■ Task to complete: Work out how many lines in the material below hold the word "that". Write only the number.

■ Recorded data:

(* Let $G$ be a modular noetherian right $\ell$-group with degree homomorphism $\deg : G \to \mathbb{Z}$. Then for all $g,h \in G$, \[ \deg(g) + \deg(h) = \deg(g \vee h) + \deg(g \wedge h). \]
   Context: A right $\ell$-group is a group $G$ (identity $e$) with a right-invariant partial order under which $G$ is a lattice ($\wedge$, $\vee$). It is modular if the lattice is modular. It is noetherian if for each $g$ the set $\{h \geq g\}$ satisfies the descending chain condition and the set $\{h \leq g\}$ satisfies the ascending chain condition. Let $G^- = \{g \leq e\}$, and let $X(G^-)$ be the set of elements covered by $e$. In such a group every $g \in G^-$ is a product of elements of $X(G^-)$, and all such factorizations have the same length. The degree homomorphism $\deg : G \to \mathbb{Z}$ is the unique group homomorphism assigning to each $g \in G^-$ this length. *)

theory Defs
  imports "HOL-Algebra.Group"
begin

definition right_lgroup ::
  "('a, 'b) monoid_scheme \<Rightarrow> ('a \<Rightarrow> 'a \<Rightarrow> bool) \<Rightarrow> ('a \<Rightarrow> 'a \<Rightarrow> 'a) \<Rightarrow> ('a \<Rightarrow> 'a \<Rightarrow> 'a) \<Rightarrow> bool"
where
  "right_lgroup G leq jn mt \<longleftrightarrow>
     group G \<and>
     (\<forall>x\<in>carrier G. leq x x) \<and>
     (\<forall>x\<in>carrier G. \<forall>y\<in>carrier G. leq x y \<and> leq y x \<longrightarrow> x = y) \<and>
     (\<forall>x\<in>carrier G. \<forall>y\<in>carrier G. \<forall>z\<in>carrier G. leq x y \<and> leq y z \<longrightarrow> leq x z) \<and>
     (\<forall>x\<in>carrier G. \<forall>y\<in>carrier G. \<forall>z\<in>carrier G.
        leq x y \<longrightarrow> leq (x \<otimes>\<^bsub>G\<^esub> z) (y \<otimes>\<^bsub>G\<^esub> z)) \<and>
     (\<forall>x\<in>carrier G. \<forall>y\<in>carrier G.
        jn x y \<in> carrier G \<and> leq x (jn x y) \<and> leq y (jn x y) \<and>
        (\<forall>z\<in>carrier G. leq x z \<and> leq y z \<longrightarrow> leq (jn x y) z)) \<and>
     (\<forall>x\<in>carrier G. \<forall>y\<in>carrier G.
        mt x y \<in> carrier G \<and> leq (mt x y) x \<and> leq (mt x y) y \<and>
        (\<forall>z\<in>carrier G. leq z x \<and> leq z y \<longrightarrow> leq z (mt x y)))"

definition lattice_modular ::
  "'a set \<Rightarrow> ('a \<Rightarrow> 'a \<Rightarrow> bool) \<Rightarrow> ('a \<Rightarrow> 'a \<Rightarrow> 'a) \<Rightarrow> ('a \<Rightarrow> 'a \<Rightarrow> 'a) \<Rightarrow> bool"
where
  "lattice_modular A leq jn mt \<longleftrightarrow>
     (\<forall>a\<in>A. \<forall>b\<in>A. \<forall>c\<in>A. leq a c \<longrightarrow> jn a (mt b c) = mt (jn a b) c)"

definition lnoetherian ::
  "'a set \<Rightarrow> ('a \<Rightarrow> 'a \<Rightarrow> bool) \<Rightarrow> bool"
where
  "lnoetherian A leq \<longleftrightarrow>
     (\<forall>g\<in>A.
        (\<not> (\<exists>f :: nat \<Rightarrow> 'a. (\<forall>n. f n \<in> A \<and> leq g (f n)) \<and>
              (\<forall>n. leq (f (Suc n)) (f n) \<and> f (Suc n) \<noteq> f n))) \<and>
        (\<not> (\<exists>f :: nat \<Rightarrow> 'a. (\<forall>n. f n \<in> A \<and> leq (f n) g) \<and>
              (\<forall>n. leq (f n) (f (Suc n)) \<and> f (Suc n) \<noteq> f n))))"

definition neg_cone :: "('a, 'b) monoid_scheme \<Rightarrow> ('a \<Rightarrow> 'a \<Rightarrow> bool) \<Rightarrow> 'a set" where
  "neg_cone G leq = {g \<in> carrier G. leq g \<one>\<^bsub>G\<^esub>}"

definition covered_by_one :: "('a, 'b) monoid_scheme \<Rightarrow> ('a \<Rightarrow> 'a \<Rightarrow> bool) \<Rightarrow> 'a set" where
  "covered_by_one G leq =
     {x \<in> carrier G. leq x \<one>\<^bsub>G\<^esub> \<and> x \<noteq> \<one>\<^bsub>G\<^esub> \<and>
        \<not> (\<exists>z\<in>carrier G. leq x z \<and> leq z \<one>\<^bsub>G\<^esub> \<and> z \<noteq> x \<and> z \<noteq> \<one>\<^bsub>G\<^esub>)}"

definition list_prod :: "('a, 'b) monoid_scheme \<Rightarrow> 'a list \<Rightarrow> 'a" where
  "list_prod G xs = foldr (\<lambda>x y. x \<otimes>\<^bsub>G\<^esub> y) xs \<one>\<^bsub>G\<^esub>"

definition is_degree_hom ::
  "('a, 'b) monoid_scheme \<Rightarrow> ('a \<Rightarrow> 'a \<Rightarrow> bool) \<Rightarrow> ('a \<Rightarrow> int) \<Rightarrow> bool"
where
  "is_degree_hom G leq d \<longleftrightarrow>
     (\<forall>x\<in>carrier G. \<forall>y\<in>carrier G. d (x \<otimes>\<^bsub>G\<^esub> y) = d x + d y) \<and>
     (\<forall>g\<in>neg_cone G leq. \<forall>xs. set xs \<subseteq> covered_by_one G leq \<and> list_prod G xs = g
        \<longrightarrow> d g = int (length xs))"

end

theory Submission
  imports Defs
begin

text \<open>Write \<open>r = - deg\<close>. Right multiplication by \<open>y\<inverse>\<close> is an order automorphism, so it
  turns a cover \<open>x \<prec> y\<close> into the cover \<open>x y\<inverse> \<prec> e\<close>; hence \<open>r\<close> grows by exactly one along
  every cover. In a modular lattice the maps \<open>x \<mapsto> x \<squnion> b\<close> and \<open>z \<mapsto> z \<sqinter> a\<close> are inverse
  isomorphisms between the intervals \<open>[a \<sqinter> b, a]\<close> and \<open>[b, a \<squnion> b]\<close>, so they preserve
  covers. By the chain conditions one climbs from \<open>a \<sqinter> b\<close> to \<open>a\<close> along covers;
  transporting the climb to \<open>[b, a \<squnion> b]\<close> gives \<open>r a - r (a \<sqinter> b) = r (a \<squnion> b) - r b\<close>.\<close>

locale carrier_lattice =
  fixes A :: "'a set"
    and leq :: "'a \<Rightarrow> 'a \<Rightarrow> bool"
    and jn mt :: "'a \<Rightarrow> 'a \<Rightarrow> 'a"
  assumes refl: "x \<in> A \<Longrightarrow> leq x x"
    and antisym: "x \<in> A \<Longrightarrow> y \<in> A \<Longrightarrow> leq x y \<Longrightarrow> leq y x \<Longrightarrow> x = y"
    and trans: "x \<in> A \<Longrightarrow> y \<in> A \<Longrightarrow> z \<in> A \<Longrightarrow> leq x y \<Longrightarrow> leq y z \<Longrightarrow> leq x z"
    and join_closed: "x \<in> A \<Longrightarrow> y \<in> A \<Longrightarrow> jn x y \<in> A"
    and join_upper1: "x \<in> A \<Longrightarrow> y \<in> A \<Longrightarrow> leq x (jn x y)"
    and join_upper2: "x \<in> A \<Longrightarrow> y \<in> A \<Longrightarrow> leq y (jn x y)"
    and join_least: "x \<in> A \<Longrightarrow> y \<in> A \<Longrightarrow> z \<in> A \<Longrightarrow> leq x z \<Longrightarrow> leq y z \<Longrightarrow> leq (jn x y) z"
    and meet_closed: "x \<in> A \<Longrightarrow> y \<in> A \<Longrightarrow> mt x y \<in> A"
    and meet_lower1: "x \<in> A \<Longrightarrow> y \<in> A \<Longrightarrow> leq (mt x y) x"
    and meet_lower2: "x \<in> A \<Longrightarrow> y \<in> A \<Longrightarrow> leq (mt x y) y"
    and meet_greatest: "x \<in> A \<Longrightarrow> y \<in> A \<Longrightarrow> z \<in> A \<Longrightarrow> leq z x \<Longrightarrow> leq z y \<Longrightarrow> leq z (mt x y)"
begin

lemma join_comm: "x \<in> A \<Longrightarrow> y \<in> A \<Longrightarrow> jn x y = jn y x"
  by (rule antisym) (auto intro: join_closed join_least join_upper1 join_upper2)

lemma meet_comm: "x \<in> A \<Longrightarrow> y \<in> A \<Longrightarrow> mt x y = mt y x"
  by (rule antisym) (auto intro: meet_closed meet_greatest meet_lower1 meet_lower2)

lemma join_absorb1: "x \<in> A \<Longrightarrow> y \<in> A \<Longrightarrow> leq y x \<Longrightarrow> jn x y = x"
  by (rule antisym) (auto intro: join_closed join_least join_upper1 refl)

lemma join_absorb2: "x \<in> A \<Longrightarrow> y \<in> A \<Longrightarrow> leq x y \<Longrightarrow> jn x y = y"
  by (rule antisym) (auto intro: join_closed join_least join_upper2 refl)

lemma meet_absorb2: "x \<in> A \<Longrightarrow> y \<in> A \<Longrightarrow> leq y x \<Longrightarrow> mt x y = y"
  by (rule antisym) (auto intro: meet_closed meet_greatest meet_lower2 refl)

lemma join_mono:
  "x \<in> A \<Longrightarrow> y \<in> A \<Longrightarrow> b \<in> A \<Longrightarrow> leq x y \<Longrightarrow> leq (jn x b) (jn y b)"
  by (blast intro: join_least join_closed join_upper2 trans[OF _ _ _ _ join_upper1])

definition covers :: "'a \<Rightarrow> 'a \<Rightarrow> bool" where
  "covers x y \<longleftrightarrow> x \<in> A \<and> y \<in> A \<and> leq x y \<and> x \<noteq> y \<and>
     (\<forall>z\<in>A. leq x z \<and> leq z y \<longrightarrow> z = x \<or> z = y)"

end

locale noetherian_carrier_lattice = carrier_lattice +
  assumes noetherian: "lnoetherian A leq"
begin

lemma wf_strict_above:
  assumes "x \<in> A"
  shows "wf {(y, z). y \<in> A \<and> z \<in> A \<and> leq x y \<and> leq y z \<and> y \<noteq> z}"
  unfolding wf_iff_no_infinite_down_chain
proof (intro notI, elim exE)
  fix f assume chain: "\<forall>i. (f (Suc i), f i) \<in> {(y, z). y \<in> A \<and> z \<in> A \<and> leq x y \<and> leq y z \<and> y \<noteq> z}"
  have "f n \<in> A \<and> leq x (f n)" "leq (f (Suc n)) (f n) \<and> f (Suc n) \<noteq> f n" for n
    using chain[rule_format, of n] assms trans[of x "f (Suc n)" "f n"] by auto
  then show False
    using noetherian assms unfolding lnoetherian_def by blast
qed

lemma wf_strict_below:
  assumes "a \<in> A"
  shows "wf {(z, y). y \<in> A \<and> z \<in> A \<and> leq z a \<and> leq y z \<and> y \<noteq> z}"
  unfolding wf_iff_no_infinite_down_chain
proof (intro notI, elim exE)
  fix f assume chain: "\<forall>i. (f (Suc i), f i) \<in> {(z, y). y \<in> A \<and> z \<in> A \<and> leq z a \<and> leq y z \<and> y \<noteq> z}"
  have "f n \<in> A \<and> leq (f n) a" "leq (f n) (f (Suc n)) \<and> f (Suc n) \<noteq> f n" for n
    using chain[rule_format, of n] assms trans[of "f n" "f (Suc n)" a] by auto
  then show False
    using noetherian assms unfolding lnoetherian_def by blast
qed

lemma exists_covers_below:
  assumes "x \<in> A" "a \<in> A" "leq x a" "x \<noteq> a"
  shows "\<exists>y. covers x y \<and> leq y a"
proof -
  define Q where "Q = {y \<in> A. leq x y \<and> leq y a \<and> y \<noteq> x}"
  have "a \<in> Q"
    using assms refl unfolding Q_def by auto
  then obtain y where "y \<in> Q"
    and minimal: "\<And>z. (z, y) \<in> {(y, z). y \<in> A \<and> z \<in> A \<and> leq x y \<and> leq y z \<and> y \<noteq> z} \<Longrightarrow> z \<notin> Q"
    by (rule wfE_min[OF wf_strict_above[OF \<open>x \<in> A\<close>]]) blast
  then have "y \<in> A" "leq x y" "leq y a" "y \<noteq> x"
    unfolding Q_def by auto
  have "z = x \<or> z = y" if "z \<in> A" "leq x z" "leq z y" for z
  proof (rule ccontr)
    assume "\<not> (z = x \<or> z = y)"
    then have "z \<in> Q" "z \<notin> Q"
      using that minimal[of z] \<open>y \<in> A\<close> \<open>leq y a\<close> assms trans[of z y a] unfolding Q_def by auto
    then show False
      by simp
  qed
  then have "covers x y"
    unfolding covers_def using \<open>y \<in> A\<close> \<open>leq x y\<close> \<open>y \<noteq> x\<close> assms by auto
  then show ?thesis
    using \<open>leq y a\<close> by blast
qed

end

locale modular_carrier_lattice = carrier_lattice +
  assumes modular: "lattice_modular A leq jn mt"
begin

lemma modular_law: "x \<in> A \<Longrightarrow> y \<in> A \<Longrightarrow> z \<in> A \<Longrightarrow> leq x z \<Longrightarrow> jn x (mt y z) = mt (jn x y) z"
  using modular unfolding lattice_modular_def by blast

lemma meet_join_transpose:
  assumes "a \<in> A" "b \<in> A" "x \<in> A" "leq (mt a b) x" "leq x a"
  shows "mt (jn x b) a = x"
proof -
  have "mt (jn x b) a = jn x (mt b a)"
    using modular_law assms by simp
  also have "\<dots> = x"
    using assms by (simp add: meet_comm join_absorb1 meet_closed)
  finally show ?thesis .
qed

lemma join_meet_transpose:
  assumes "a \<in> A" "b \<in> A" "z \<in> A" "leq b z" "leq z (jn a b)"
  shows "jn (mt z a) b = z"
proof -
  have "jn (mt z a) b = jn b (mt a z)"
    using assms by (simp add: join_comm meet_comm meet_closed)
  also have "\<dots> = mt (jn b a) z"
    using modular_law assms by simp
  also have "\<dots> = z"
    using assms by (simp add: join_comm meet_absorb2 join_closed)
  finally show ?thesis .
qed

lemma covers_join_transpose:
  assumes "a \<in> A" "b \<in> A" "leq (mt a b) x" "leq y a" "covers x y"
  shows "covers (jn x b) (jn y b)"
proof -
  have "x \<in> A" "y \<in> A" "leq x y" "x \<noteq> y"
    and between: "\<And>w. w \<in> A \<Longrightarrow> leq x w \<Longrightarrow> leq w y \<Longrightarrow> w = x \<or> w = y"
    using \<open>covers x y\<close> unfolding covers_def by auto
  have "leq x a" "leq (mt a b) y"
    using assms \<open>x \<in> A\<close> \<open>y \<in> A\<close> \<open>leq x y\<close> by (blast intro: trans meet_closed)+
  then have back_x: "mt (jn x b) a = x" and back_y: "mt (jn y b) a = y"
    using meet_join_transpose assms \<open>x \<in> A\<close> \<open>y \<in> A\<close> by blast+
  have "jn x b \<noteq> jn y b"
    using back_x back_y \<open>x \<noteq> y\<close> by metis
  moreover have "leq (jn x b) (jn y b)"
    using join_mono assms \<open>x \<in> A\<close> \<open>y \<in> A\<close> \<open>leq x y\<close> by blast
  moreover have "z = jn x b \<or> z = jn y b"
    if "z \<in> A" "leq (jn x b) z" "leq z (jn y b)" for z
  proof -
    have "leq b z"
      using that assms \<open>x \<in> A\<close> by (blast intro: trans join_upper2 join_closed)
    moreover have "leq z (jn a b)"
      using that assms \<open>y \<in> A\<close> join_mono[of y a b] by (blast intro: trans join_closed)
    ultimately have z_eq: "z = jn (mt z a) b"
      using join_meet_transpose assms \<open>z \<in> A\<close> by simp
    have "leq x (mt z a)"
      using that assms \<open>x \<in> A\<close> \<open>leq x a\<close>
      by (blast intro: meet_greatest trans join_upper1 join_closed)
    moreover have "leq (mt z a) (mt (jn y b) a)"
      using that assms \<open>y \<in> A\<close>
      by (blast intro: meet_greatest meet_lower2 trans[OF _ _ _ meet_lower1] meet_closed join_closed)
    ultimately have "mt z a = x \<or> mt z a = y"
      using between back_y \<open>z \<in> A\<close> assms meet_closed by simp
    then show ?thesis
      using z_eq by auto
  qed
  ultimately show ?thesis
    unfolding covers_def using assms \<open>x \<in> A\<close> \<open>y \<in> A\<close> join_closed by blast
qed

■ Solution to the exercise: 5